Superscalar Processing

The whole notion of RISC processors was driven by the goal of executing instructions at a rate of one instruction per cycle. When this was pretty much achieved, the question became one of how we could execute more than one instruction in a cycle... the answer is, of course, that it is necessary to issue more than one instruction per cycle, requiring multiple pipelines.

Like so much else, we can see early examples of superscalar processors in the 1960s -- both the CDC 6600 and the IBM 360/91 both were superscalar processors (they also both supported out-of-order execution, which we'll get to in a little bit).

So here's the basic idea of what we'll do: rather than have a single pipeline, we'll have two of them. We'll fetch two instructions from memory on a cycle, and attempt to start one of them down each pipeline.

Typically, there will be restrictions on what the two pipelines can do, which will affect our maximum speedup.

Also, notice that hazard detection and forwarding becomes downright painful.

So here's an explicit example: it's a bit more sophisticated than the example in the text on page 437, as it tries to be more realistic. Here's what we'll do:

  1. First, we'll observe that we're very close to having a separate pipeline for branches anyway. Let's Make It So.
  2. Now we'll add a second copy of most of the data part of the MIPS pipeline
  3. But we don't want to copy all of it: if we have both pipes able to talk to the data memory, we'll have to dual-port it. That'll cost us, and we aren't expecting a whole lot of memory operations anyway (notice the distinction here between the data memory and the registers: triple-porting the registers is also expensive, but it's not as expensive as double-porting the cache would be, and we are expecting to do lots of register reads and writes so it's worth it).
  4. So now we're up to three pipelines: one is the "branch pipe", the second is the "memory pipe", and the third is the "ALU pipe." The branch pipe can only do branches, the memory pipe can do arithmetic instructions, loads, and stores. and the alu pipe can only do arithmetic instructions.
  5. Now, another point here is that instead of grabbing a single instruction from the data memory per cycle, we want to grab several: typically either two or four. And we probably want to put a new pipeline stage - a queue stage - between IF and ID.

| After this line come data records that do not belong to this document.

definition T_crit :: "(real^'p) measure \<Rightarrow> ('p::finite) comp list \<Rightarrow> real" where
  "T_crit F th = (\<Sum>k<length th. integral\<^sup>L F (\<lambda>x. tau k x th * qs x (th ! k)))"

definition gauss_pdf :: "(real^'p::finite) \<Rightarrow> real^'p \<Rightarrow> real^'p^'p \<Rightarrow> real" where
  "gauss_pdf x mu S =
     exp (- ((x - mu) \<bullet> (matrix_inv S *v (x - mu))) / 2)
     / sqrt ((2 * pi) ^ CARD('p) * det S)"

definition mix_pdf :: "(real^'p::finite) \<Rightarrow> ('p::finite) comp list \<Rightarrow> real" where
  "mix_pdf x th = (\<Sum>k<length th. fst (th ! k) * gauss_pdf x (fst (snd (th ! k))) (snd (snd (th ! k))))"

definition omega :: "nat \<Rightarrow> (real^'p::finite) \<Rightarrow> ('p::finite) comp list \<Rightarrow> real" where
  "omega k x th = fst (th ! k) * gauss_pdf x (fst (snd (th ! k))) (snd (snd (th ! k))) / mix_pdf x th"

definition Ent :: "(real^'p::finite) \<Rightarrow> ('p::finite) comp list \<Rightarrow> real" where
  "Ent x th = - (\<Sum>k<length th. omega k x th * ln (omega k x th))"

definition KL_div :: "((real^'p::finite) \<Rightarrow> real) \<Rightarrow> (real^'p \<Rightarrow> real) \<Rightarrow> real" where
  "KL_div f0 g = (LINT x|lborel. f0 x * ln (f0 x / g x))"

definition argmax_set :: "('m \<Rightarrow> real) \<Rightarrow> 'm set \<Rightarrow> 'm set" where
  "argmax_set h M = {m \<in> M. \<forall>m'\<in>M. h m' \<le> h m}"

definition argmin_set :: "('m \<Rightarrow> real) \<Rightarrow> 'm set \<Rightarrow> 'm set" where
  "argmin_set h M = {m \<in> M. \<forall>m'\<in>M. h m \<le> h m'}"

end

theory Submission
  imports Defs
begin

text \<open>Up to the constant \<open>(p/2) ln (2\<pi>)\<close>, \<open>exp (qs x \<theta>\<^sub>k)\<close> is the weighted component
  density \<open>\<pi>\<^sub>k \<phi>(x; \<mu>\<^sub>k, \<Sigma>\<^sub>k)\<close>. Hence \<open>\<tau>\<^sub>k = \<omega>\<^sub>\<phi>\<^sub>,\<^sub>k\<close> and
  \<open>qs x \<theta>\<^sub>k = ln \<omega>\<^sub>\<phi>\<^sub>,\<^sub>k + ln \<psi>\<^sub>\<phi> + const\<close>, so pointwise
  \<open>\<Sum>\<^sub>k \<tau>\<^sub>k qs(x; \<theta>\<^sub>k) = ln \<psi>\<^sub>\<phi>(x; \<theta>) - Ent\<^sub>\<phi>(x; \<theta>) + const\<close>.
  Integrating against \<open>F\<close> gives \<open>T(\<theta>) = E\<^sub>F ln \<psi>\<^sub>\<phi> - E\<^sub>F Ent\<^sub>\<phi> + const\<close>, while for
  two configurations the difference of the divergences \<open>D\<^sub>K\<^sub>L(f\<^sub>0 \<parallel> \<psi>\<^sub>\<phi>)\<close> is the opposite
  difference of the \<open>E\<^sub>F ln \<psi>\<^sub>\<phi>\<close>. Thus \<open>T + D\<^sub>K\<^sub>L + E\<^sub>F Ent\<^sub>\<phi>\<close> is constant on \<open>\<M>\<close>.\<close>

lemma argmax_set_eq_argmin_set_if_sum_const:
  fixes g h :: "'m \<Rightarrow> real"
  assumes "\<And>m m'. m \<in> M \<Longrightarrow> m' \<in> M \<Longrightarrow> g m + h m = g m' + h m'"
  shows "argmax_set g M = argmin_set h M"
  unfolding argmax_set_def argmin_set_def using assms by fastforce

lemma det_nz_if_quadratic_form_pos:
  fixes A :: "real^'p::finite^'p"
  assumes "\<And>x. x \<noteq> 0 \<Longrightarrow> x \<bullet> (A *v x) > 0"
  shows "det A \<noteq> 0"
proof -
  have "inj ((*v) A)"
  proof (rule linear_injective_0[THEN iffD2])
    show "linear ((*v) A)" by (simp add: matrix_vector_mul_linear)
    show "\<forall>x. A *v x = 0 \<longrightarrow> x = 0" using assms by force
  qed
  then show ?thesis using det_nz_iff_inj[of "(*v) A"] by (simp add: matrix_vector_mul_linear)
qed

text \<open>The quadratic form stays positive along the segment from \<open>mat 1\<close> to \<open>S\<close>, so \<open>det\<close> does not
  vanish there and, by continuity, keeps the sign of \<open>det (mat 1) = 1\<close>.\<close>

lemma det_pos_if_quadratic_form_pos:
  fixes S :: "real^'p::finite^'p"
  assumes S_pos: "\<And>x. x \<noteq> 0 \<Longrightarrow> x \<bullet> (S *v x) > 0"
  shows "det S > 0"
proof (rule ccontr)
  define A where "A t = t *\<^sub>R mat 1 + (1 - t) *\<^sub>R S" for t :: real
  have A_pos: "x \<bullet> (A t *v x) > 0" if "0 \<le> t" "t \<le> 1" "x \<noteq> 0" for t x
  proof -
    have "x \<bullet> (A t *v x) = t * (x \<bullet> x) + (1 - t) * (x \<bullet> (S *v x))"
      unfolding A_def
      by (simp add: matrix_vector_mult_add_rdistrib inner_add_right
          scaleR_matrix_vector_assoc[symmetric])
    moreover have "x \<bullet> x > 0" "x \<bullet> (S *v x) > 0" using S_pos \<open>x \<noteq> 0\<close> by auto
    ultimately show ?thesis using that by (smt (verit) mult_nonneg_nonneg mult_pos_pos)
  qed
  have cont: "continuous_on {0..1} (\<lambda>t. det (A t))"
    unfolding det_def A_def by (intro continuous_intros)
  assume "\<not> det S > 0"
  then have "det (A 0) \<le> 0" "det (A 1) = 1" by (simp_all add: A_def)
  then obtain t where "0 \<le> t" "t \<le> 1" "det (A t) = 0"
    using IVT'[of "\<lambda>t. det (A t)" 0 0 1] cont by auto
  with A_pos det_nz_if_quadratic_form_pos show False by blast
qed

lemma det_pos_if_pos_def_mat: "pos_def_mat S \<Longrightarrow> det S > 0"
  unfolding pos_def_mat_def by (rule det_pos_if_quadratic_form_pos) blast

lemma valid_config_component_pos:
  assumes "valid_config th" "k < length th"
  shows "fst (th ! k) > 0" "det (snd (snd (th ! k))) > 0"
  using assms det_pos_if_pos_def_mat unfolding valid_config_def by auto

lemma valid_config_nonempty: "valid_config th \<Longrightarrow> th \<noteq> []"
  unfolding valid_config_def by auto

lemma exp_qs_eq_gauss_pdf:
  fixes x mu :: "real^'p::finite"
  assumes "pk > 0" "det S > 0"
  shows "exp (qs x (pk, mu, S)) = sqrt ((2 * pi) ^ CARD('p)) * (pk * gauss_pdf x mu S)"
proof -
  define Q where "Q = (x - mu) \<bullet> (matrix_inv S *v (x - mu))"
  have "exp (ln (det S) / 2) = sqrt (det S)"
    using assms(2) by (simp add: ln_sqrt[symmetric])
  moreover have "qs x (pk, mu, S) = ln pk - ln (det S) / 2 - Q / 2"
    by (simp add: qs_def Q_def)
  ultimately have "exp (qs x (pk, mu, S)) = pk * exp (- Q / 2) / sqrt (det S)"
    using assms(1) by (simp only: exp_diff) (simp add: exp_minus field_simps)
  then show ?thesis
    using assms by (simp add: gauss_pdf_def Q_def real_sqrt_mult field_simps)
qed

lemma exp_qs_valid_config:
  fixes x :: "real^'p::finite"
  assumes "valid_config th" "k < length th"
  shows "exp (qs x (th ! k)) = sqrt ((2 * pi) ^ CARD('p))
           * (fst (th ! k) * gauss_pdf x (fst (snd (th ! k))) (snd (snd (th ! k))))"
  using exp_qs_eq_gauss_pdf valid_config_component_pos[OF assms]
  by (cases "th ! k") auto

lemma gauss_pdf_pos: "det S > 0 \<Longrightarrow> gauss_pdf x mu S > 0"
  unfolding gauss_pdf_def by simp

lemma mix_pdf_pos:
  assumes "valid_config th"
  shows "mix_pdf x th > 0"
  unfolding mix_pdf_def using valid_config_nonempty[OF assms]
  by (intro sum_pos mult_pos_pos gauss_pdf_pos) (auto simp: valid_config_component_pos[OF assms])

lemma omega_pos:
  assumes "valid_config th" "k < length th"
  shows "omega k x th > 0"
  unfolding omega_def using valid_config_component_pos[OF assms]
  by (intro divide_pos_pos mult_pos_pos gauss_pdf_pos mix_pdf_pos assms(1))

lemma sum_omega_eq_1:
  assumes "valid_config th"
  shows "(\<Sum>k<length th. omega k x th) = 1"
  unfolding omega_def sum_divide_distrib[symmetric] mix_pdf_def[symmetric]
  using mix_pdf_pos[OF assms, of x] by simp

lemma tau_eq_omega:
  fixes x :: "real^'p::finite"
  assumes "valid_config th" "k < length th"
  shows "tau k x th = omega k x th"
proof -
  define C :: real where "C = sqrt ((2 * pi) ^ CARD('p))"
  have "(\<Sum>j<length th. exp (qs x (th ! j))) = C * mix_pdf x th"
    unfolding mix_pdf_def sum_distrib_left C_def
    by (intro sum.cong) (auto simp: exp_qs_valid_config[OF assms(1)])
  moreover have "C > 0" by (simp add: C_def)
  ultimately show ?thesis
    unfolding tau_def omega_def exp_qs_valid_config[OF assms] C_def by simp
qed

lemma qs_eq_ln_omega:
  fixes x :: "real^'p::finite"
  assumes "valid_config th" "k < length th"
  shows "qs x (th ! k) = ln (omega k x th) + ln (mix_pdf x th) + real CARD('p) / 2 * ln (2 * pi)"
proof -
  define C :: real where "C = sqrt ((2 * pi) ^ CARD('p))"
  have "exp (qs x (th ! k)) = C * (omega k x th * mix_pdf x th)"
    unfolding exp_qs_valid_config[OF assms] omega_def C_def
    using mix_pdf_pos[OF assms(1), of x] by simp
  then have "qs x (th ! k) = ln (C * (omega k x th * mix_pdf x th))"
    by (metis ln_exp)
  also have "\<dots> = ln C + ln (omega k x th) + ln (mix_pdf x th)"
    using omega_pos[OF assms, of x] mix_pdf_pos[OF assms(1), of x]
    by (simp add: C_def ln_mult)
  finally have "qs x (th ! k) = ln C + ln (omega k x th) + ln (mix_pdf x th)" .
  moreover have "ln C = ln ((2 * pi) ^ CARD('p)) / 2"
    unfolding C_def by (rule ln_sqrt) simp
  ultimately show ?thesis by (simp only: ln_realpow)
qed

lemma sum_tau_qs_eq:
  fixes x :: "real^'p::finite"
  assumes "valid_config th"
  shows "(\<Sum>k<length th. tau k x th * qs x (th ! k))
           = ln (mix_pdf x th) - Ent x th + real CARD('p) / 2 * ln (2 * pi)"
proof -
  define c :: real where "c = ln (mix_pdf x th) + real CARD('p) / 2 * ln (2 * pi)"
  have "(\<Sum>k<length th. tau k x th * qs x (th ! k))
          = (\<Sum>k<length th. omega k x th * ln (omega k x th)) + (\<Sum>k<length th. omega k x th) * c"
    unfolding sum_distrib_right sum.distrib[symmetric] c_def
    by (intro sum.cong) (auto simp: tau_eq_omega[OF assms] qs_eq_ln_omega[OF assms] algebra_simps)
  then show ?thesis
    unfolding sum_omega_eq_1[OF assms] Ent_def c_def by simp
qed

lemma integrable_ln_mix_pdf:
  fixes F :: "(real^'p::finite) measure"
  assumes "finite_measure F" "valid_config th"
    and "\<And>k. k < length th \<Longrightarrow> integrable F (\<lambda>x. tau k x th * qs x (th ! k))"
    and "integrable F (\<lambda>x. Ent x th)"
  shows "integrable F (\<lambda>x. ln (mix_pdf x th))"
proof -
  have "integrable F (\<lambda>x. (\<Sum>k<length th. tau k x th * qs x (th ! k)) + Ent x th
                           - real CARD('p) / 2 * ln (2 * pi))"
    using assms by (intro Bochner_Integration.integrable_diff Bochner_Integration.integrable_add
        Bochner_Integration.integrable_sum finite_measure.integrable_const) auto
  then show ?thesis by (simp add: sum_tau_qs_eq[OF assms(2)])
qed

    Here's a picture. I've only put enough lines in to show how things go; trying to draw them all would be a mess....

    MIPS superscalar pipeline

    You can get a copy of this figure in PDF, scaled to print properly, here.

In the picture, the branch pipe is on top, the memory pipe is in the middle, and the alu pipe is on the bottom. Let's take a look at all the stages in more detail.

IF
Either zero, one or two instructions can be fetched from memory on a cycle. If the PC contains an address divisible by eight then two instructions are fetched; if only divisible by four, only one can be fetched. The instructions are put in the two farthest-back open slots in the IF/Q pipeline register (which we can also refer to as the instruction queue).

If there aren't enough open slots in the instruction queue for a full fetch, nothing is fetched. So if the PC is on a doubleword boundary (address divisible by eight) there must be space for two instructions; if only a word boundary there must be space for one.

The PC is incremented by four or eight, as appropriate: if the PC was on a doubleword boundary it is incremented by eight; if only a word boundary it is incremented by four. What's going on here is that in either case, the PC is incremented to the next doubleword boundary.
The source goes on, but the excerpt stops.